[Stored entries]
text \<open>General position makes the blocks of \<open>Act\<close> span \<open>d\<close> dimensions, and genericity of
  the flag then leaves no room for a common direction in \<open>F d\<close>.\<close>
lemma dir_inter_tie_Act: "v \<in> dir \<Longrightarrow> v \<in> tie_space Act \<Longrightarrow> v = 0"
proof -
  assume v: "v \<in> dir" "v \<in> tie_space Act"
  obtain r where r: "\<And>i. (i, r i) \<in> Act" using Act_fibres by blast
  have "card Act \<le> CARD('n) + CARD('s) + 1" using card_Act d_le by simp
  then have "card Act - CARD('s) \<le> dim (block_diffs Act)"
    using independent_lift_active[OF general_position finite_A, of Act xi] r finite_Act
    unfolding Act_def by (intro card_le_dim_block_diffs) auto
  then have "d \<le> dim (block_diffs Act)" using card_Act by simp
  moreover have "dim (tie_space Act) + dim (block_diffs Act) = CARD('n)"
    by (rule dim_tie_space_add_dim_block_diffs)
  ultimately have "dim (dir \<inter> tie_space Act) = 0"
    using generic[OF Act_subset_Sigma] d_le unfolding dir_def by linarith
  then show "v = 0" using v by (auto simp: dim_eq_0)
qed

text \<open>Within the block \<open>q\<close> the released point \<open>a\<close> can be traded for \<open>a' \<in> W a\<close>.\<close>
lemma tie_space_W_extend:
  assumes "a' \<in> Q q" "a' \<noteq> a" "v \<in> tie_space (W a)" "v \<bullet> (a - a') = 0"
  shows "v \<in> tie_space Act"
proof -
  define p where "p i x = (if (i, x) = (q, a) then a' else x)" for i x
  have p_W: "(i, p i x) \<in> W a" if "(i, x) \<in> Act" for i x
    using that assms(1,2) unfolding p_def W_def Q_def by auto
  have p_inner: "v \<bullet> x = v \<bullet> p i x" for i x
    using assms(4) unfolding p_def by (simp add: inner_diff_right)
  show ?thesis unfolding tie_space_def
  proof (intro CollectI allI impI)
    fix i x y assume xy: "(i, x) \<in> Act" "(i, y) \<in> Act"
    have "v \<bullet> (p i x - p i y) = 0"
      using assms(3) p_W[OF xy(1)] p_W[OF xy(2)] unfolding tie_space_def by blast
    then show "v \<bullet> (x - y) = 0"
      using p_inner[of x i] p_inner[of y i] by (simp only: inner_diff_right)
  qed
qed

text \<open>Dropping \<open>(q, a)\<close> lowers the rank of the blocks by at most one, so genericity now
  yields a line of directions in \<open>F d\<close>; it is normalised so that moving along it lowers
  the level of \<open>a\<close> below its block at unit rate.\<close>
lemma ex_Delta:
  assumes a: "a \<in> Q q"
  shows "\<exists>\<Delta>. \<Delta> \<in> dir \<and> \<Delta> \<in> tie_space (W a) \<and> (\<forall>y\<in>Q q - {a}. \<Delta> \<bullet> (a - y) = -1)"
proof -
  obtain a' where a': "a' \<in> Q q" "a' \<noteq> a" using Qq_other .
  obtain r where r: "\<And>i. (i, r i) \<in> W a" using W_fibres[OF a] by blast
  have "card (W a) = d + CARD('s) - 1"
    using a card_Act finite_Act unfolding W_def Q_def by (simp add: card_Diff_singleton)
  moreover have "finite (W a)" using finite_Act W_subset_Act by (rule finite_subset[rotated])
  ultimately have "dim (block_diffs (W a)) \<le> d - 1"
    using dim_block_diffs_le[OF _ r] by simp
  moreover have "dim (tie_space (W a)) + dim (block_diffs (W a)) = CARD('n)"
    by (rule dim_tie_space_add_dim_block_diffs)
  moreover have "dim (dir \<inter> tie_space (W a)) = d + dim (tie_space (W a)) - CARD('n)"
    using generic W_subset_Act Act_subset_Sigma unfolding dir_def by blast
  moreover have "1 \<le> d" using sum_mult member_le_sum[of q UNIV "mult_at A b xi"] mult_q by simp
  ultimately have "dim (dir \<inter> tie_space (W a)) \<noteq> 0" using d_le by linarith
  then obtain v where v: "v \<in> dir" "v \<in> tie_space (W a)" "v \<noteq> 0" by (auto simp: dim_eq_0)
  define c where "c = v \<bullet> (a - a')"
  have "c \<noteq> 0"
    using tie_space_W_extend[OF a' v(2)] dir_inter_tie_Act v unfolding c_def by blast
  define \<Delta> where "\<Delta> = (- 1 / c) *\<^sub>R v"
  have "\<Delta> \<in> dir" "\<Delta> \<in> tie_space (W a)"
    unfolding \<Delta>_def using v subspace_dir subspace_tie_space by (blast intro: subspace_scale)+
  moreover have "\<Delta> \<bullet> (a - y) = -1" if y: "y \<in> Q q - {a}" for y
  proof -
    have "(q, y) \<in> W a" "(q, a') \<in> W a" using y a' unfolding W_def Q_def by auto
    then have "\<Delta> \<bullet> (a' - y) = 0" using \<open>\<Delta> \<in> tie_space (W a)\<close> unfolding tie_space_def by blast
    moreover have "\<Delta> \<bullet> (a - a') = -1" using \<open>c \<noteq> 0\<close> unfolding \<Delta>_def c_def by simp
    ultimately show ?thesis by (simp add: inner_diff_right)
  qed
  ultimately show ?thesis by blast
qed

WORK INSTRUCTION
Please return only the lines above, starting at the line that has "Act_fibres by blast" and ending at the line that has "using independent_lift_active[OF general_position", keeping both and leaving each one unchanged.

REPLY
  obtain r where r: "\<And>i. (i, r i) \<in> Act" using Act_fibres by blast
  have "card Act \<le> CARD('n) + CARD('s) + 1" using card_Act d_le by simp
  then have "card Act - CARD('s) \<le> dim (block_diffs Act)"
    using independent_lift_active[OF general_position finite_A, of Act xi] r finite_Act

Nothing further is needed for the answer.